Un mediodía cualquiera, transitaba yo por la calle solitaria. Me aprestaba a cruzar a la vereda del frente, cuando un extraño magnetismo me obligó a volver el rostro. La atracción aquella pudo deberse, casi sin lugar a dudas, a que un tipo mal encarado, ataviado con un sucio mameluco, que en algún tiempo fue azul- me miraba con fijeza sin igual. La fuerza de aquella mirada, insolente, inquisitiva, arrogante y persistente, me obligó a encararlo y –de la misma forma- a devolvérsela con la exacta fijeza, el mismo afán inquisitivo y –por supuesto- con involuntaria persistencia.
Pasaron cinco, diez, acaso veinte minutos de mutua indagación ocular, en la que parecíamos dos basiliscos enfurecidos tratando de asesinar al inoportuno adversario. En tal acción, me obligué a no pestañear siquiera y la furia se aposentó detrás de mis pupilas, para saltar sobre ese personaje inoportuno que me impedía el paso.
No cejamos en el intento de aniquilarnos mutuamente con la mirada. Cuaquier ser de facultades extraordinarias, que en ese momento transitase por el lugar, habría percibido la energía que despedían nuestros cuerpos y acaso, se habría aterrado al comprender que de allí sólo uno escaparía con vida.
Las cinco de la tarde nos recibió como un par de justicieros en medio de una ciudad despejada del oeste, sin cartucheras ni pistolas, ambos, en un duelo inusitado, con nuestras pupilas tratando de doblegar al otro.
La noche pudo interceder para que esta estéril afrenta hubiese llegado a su fin, pero como parecía que esto estaba predestinado desde siglos, un potente foco iluminó nuestros rostros cariacontecidos y en medio de ellos, los ojos dispuestos a traspasar la inconsistente membrana de la intimidad del otro, buscando un flanco por el cual atacar.

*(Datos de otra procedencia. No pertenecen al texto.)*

(* Let $\mathbb{F}_q$ be a finite field with $\mathrm{char}(\mathbb{F}_q)>3$ and $3\mid q-1$, let $C$ be the subgroup of cubes in $\mathbb{F}_q^\times$ (of index $3$), and let $z\in\mathbb{F}_q^\times\setminus C$. Let $a,b\in\mathbb{F}_q^\times$. (1) If $a$ and $b$ lie in the same coset of $C$, then $J_3(a,b)$ is conjugate to $J_3(1,1)$. (2) If $a$ and $b$ lie in different cosets of $C$, then $J_3(a,b)$ is conjugate to $J_3(1,z)$ or to $J_3(1,z^2)$.
   Context: $\mathfrak{sl}_3(\mathbb{F}_q)$ is the Lie algebra of $3\times3$ traceless matrices over $\mathbb{F}_q$. Fix a primitive cube root of unity $u\in\mathbb{F}_q$. For nonzero $a,b\in\mathbb{F}_q$, $J_3(a,b)$ denotes the decomposition $\mathfrak{sl}_3(\mathbb{F}_q)=H_0\oplus H_1\oplus H_2\oplus H_3$, where $H_0$ is the subalgebra of traceless diagonal matrices and, for $j=1,2,3$ with $(\lambda_j,\mu_j)=(1,1),(u,u^2),(u^2,u)$ respectively, $H_j=\left\langle \begin{pmatrix}0&1&0\\0&0&\lambda_j a\\ \mu_j ab&0&0\end{pmatrix},\begin{pmatrix}0&0&1\\ \mu_j ab&0&0\\0&\lambda_j b&0\end{pmatrix}\right\rangle_{\mathbb{F}_q}$. (Such a decomposition is called a $J_3$-decomposition.) Two such decompositions are conjugate if there is a Lie algebra automorphism of $\mathfrak{sl}_3(\mathbb{F}_q)$ mapping each component of the first onto exactly one component of the second. *)

theory Defs
  imports "HOL-Analysis.Analysis"
begin

text \<open>3x3 matrices over a field are modelled as 'a^3^3 (HOL-Analysis); row/column
  indices 1,2,3 are the elements 1,2,3 (= 0) of the numeral type 3.\<close>

definition mat3 :: "'a \<Rightarrow> 'a \<Rightarrow> 'a \<Rightarrow> 'a \<Rightarrow> 'a \<Rightarrow> 'a \<Rightarrow> 'a \<Rightarrow> 'a \<Rightarrow> 'a \<Rightarrow> 'a^3^3" where
  "mat3 a11 a12 a13 a21 a22 a23 a31 a32 a33 =
     (\<chi> i j. if i = 1 then (if j = 1 then a11 else if j = 2 then a12 else a13)
             else if i = 2 then (if j = 1 then a21 else if j = 2 then a22 else a23)
             else (if j = 1 then a31 else if j = 2 then a32 else a33))"

definition sl3 :: "(('a::field)^3^3) set" where
  "sl3 = {A. trace A = 0}"

definition lie_bracket :: "('a::field)^3^3 \<Rightarrow> 'a^3^3 \<Rightarrow> 'a^3^3" where
  "lie_bracket A B = A ** B - B ** A"

definition msmult :: "'a::field \<Rightarrow> 'a^3^3 \<Rightarrow> 'a^3^3" where
  "msmult c A = (\<chi> i j. c * A $ i $ j)"

definition sl3_aut :: "(('a::field)^3^3 \<Rightarrow> 'a^3^3) \<Rightarrow> bool" where
  "sl3_aut \<phi> \<longleftrightarrow> bij_betw \<phi> sl3 sl3
     \<and> (\<forall>A\<in>sl3. \<forall>B\<in>sl3. \<phi> (A + B) = \<phi> A + \<phi> B)
     \<and> (\<forall>c. \<forall>A\<in>sl3. \<phi> (msmult c A) = msmult c (\<phi> A))
     \<and> (\<forall>A\<in>sl3. \<forall>B\<in>sl3. \<phi> (lie_bracket A B) = lie_bracket (\<phi> A) (\<phi> B))"

definition span2 :: "('a::field)^3^3 \<Rightarrow> 'a^3^3 \<Rightarrow> ('a^3^3) set" where
  "span2 X Y = {msmult c X + msmult d Y | c d. True}"

definition H0 :: "(('a::field)^3^3) set" where
  "H0 = {A \<in> sl3. \<forall>i j. i \<noteq> j \<longrightarrow> A $ i $ j = 0}"

definition lamJ :: "'a::field \<Rightarrow> nat \<Rightarrow> 'a" where
  "lamJ u j = (if j = 1 then 1 else if j = 2 then u else u ^ 2)"

definition muJ :: "'a::field \<Rightarrow> nat \<Rightarrow> 'a" where
  "muJ u j = (if j = 1 then 1 else if j = 2 then u ^ 2 else u)"

text \<open>The decomposition J_3(a,b) (w.r.t. the cube root of unity u), as the family of
  its components H_0, H_1, H_2, H_3 indexed by 0..3.\<close>
definition J3 :: "'a::field \<Rightarrow> 'a \<Rightarrow> 'a \<Rightarrow> nat \<Rightarrow> ('a^3^3) set" where
  "J3 u a b j = (if j = 0 then H0 else
     span2 (mat3 0 1 0  0 0 (lamJ u j * a)  (muJ u j * a * b) 0 0)
           (mat3 0 0 1  (muJ u j * a * b) 0 0  0 (lamJ u j * b) 0))"

definition conj_dec :: "(nat \<Rightarrow> (('a::field)^3^3) set) \<Rightarrow> (nat \<Rightarrow> ('a^3^3) set) \<Rightarrow> bool" where
  "conj_dec H H' \<longleftrightarrow> (\<exists>\<phi>. sl3_aut \<phi> \<and> (\<forall>j<4. \<exists>!k. k < 4 \<and> \<phi> ` H j = H' k))"

definition cubes :: "'a::field set" where
  "cubes = {x ^ 3 | x. x \<noteq> 0}"

end

theory Submission
  imports Defs
begin

text \<open>Conjugation by the diagonal matrix \<open>diag(a y\<^sup>2, y, 1)\<close> fixes \<open>H\<^sub>0\<close> and rescales the
  two generators of each \<open>H\<^sub>j\<close>, turning \<open>J\<^sub>3(a, b)\<close> into \<open>J\<^sub>3(1, b / (a y\<^sup>3))\<close>. So
  \<open>J\<^sub>3(a, b)\<close> is conjugate to \<open>J\<^sub>3(1, c)\<close> whenever \<open>c\<close> lies in the coset of \<open>b / a\<close> modulo
  the cubes. The cube map is three-to-one on \<open>F\<^sup>\<times>\<close>, so the cubes have index 3 with cosets
  \<open>C\<close>, \<open>z C\<close>, \<open>z\<^sup>2 C\<close>, and \<open>c\<close> can be taken in \<open>{1, z, z\<^sup>2}\<close>.\<close>

text \<open>\<open>diag_conj d A = D A D\<^sup>-\<^sup>1\<close> for \<open>D = diag d\<close>.\<close>
definition diag_conj :: "('n \<Rightarrow> 'a::field) \<Rightarrow> 'a^'n^'n \<Rightarrow> 'a^'n^'n" where
  "diag_conj d A = (\<chi> i j. d i / d j * A $ i $ j)"

lemma diag_conj_add: "diag_conj d (A + B) = diag_conj d A + diag_conj d B"
  by (simp add: diag_conj_def vec_eq_iff algebra_simps)

lemma diag_conj_diff: "diag_conj d (A - B) = diag_conj d A - diag_conj d B"
  by (simp add: diag_conj_def vec_eq_iff algebra_simps)

lemma diag_conj_msmult: "diag_conj d (msmult c A) = msmult c (diag_conj d A)"
  by (simp add: diag_conj_def msmult_def vec_eq_iff algebra_simps)

lemma trace_diag_conj:
  fixes d :: "'n::finite \<Rightarrow> 'a::field"
  assumes "\<And>i. d i \<noteq> 0"
  shows "trace (diag_conj d A) = trace A"
  using assms by (simp add: diag_conj_def trace_def)

lemma diag_conj_mult:
  fixes d :: "'n::finite \<Rightarrow> 'a::field"
  assumes "\<And>i. d i \<noteq> 0"
  shows "diag_conj d (A ** B) = diag_conj d A ** diag_conj d B"
  using assms
  by (simp add: diag_conj_def matrix_matrix_mult_def vec_eq_iff sum_distrib_left field_simps)

lemma diag_conj_lie_bracket:
  assumes "\<And>i. d i \<noteq> 0"
  shows "diag_conj d (lie_bracket A B) = lie_bracket (diag_conj d A) (diag_conj d B)"
  by (simp add: lie_bracket_def diag_conj_diff diag_conj_mult assms)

La madrugada se desplegó lenta, para encontrar a un par de tipos que no cesaban en el objetivo ciego de humillar al otro. Me asombré de ser tan fuerte, pese a todo y aunque mis ojos debían estar enrojecidos, continuaban clavados en los del tipo, el que, sin evidenciar tampoco fatiga ni muestras de declinar en su afán, no despegaba sus ojos pequeños pero hirientes, de los míos.
Han pasado varios meses. Se han sucedido las estaciones, las noches y los días y siento como mi barba flamea al viento. El tipo, cuyo mameluco se ha tornado de un color neblinoso, enarbola también una encanecida barba que ha ocultado sus facciones. El tampoco ceja en el intento de traspasarme con su mirada fiera. Y yo, a veces a la defensiva y a veces atacando con furia, no despego mis pies de aquel lugar y creo que no lo haré hasta que uno de los dos caiga vencido por su propia porfía…
*(El basilisco era un animal fabuloso con cuernos de serpiente, patas de gallo, alas espinosas y cola en forma de lanza. Era considerado como el rey de las serpientes y se le atribuía la propiedad de matar con la mirada).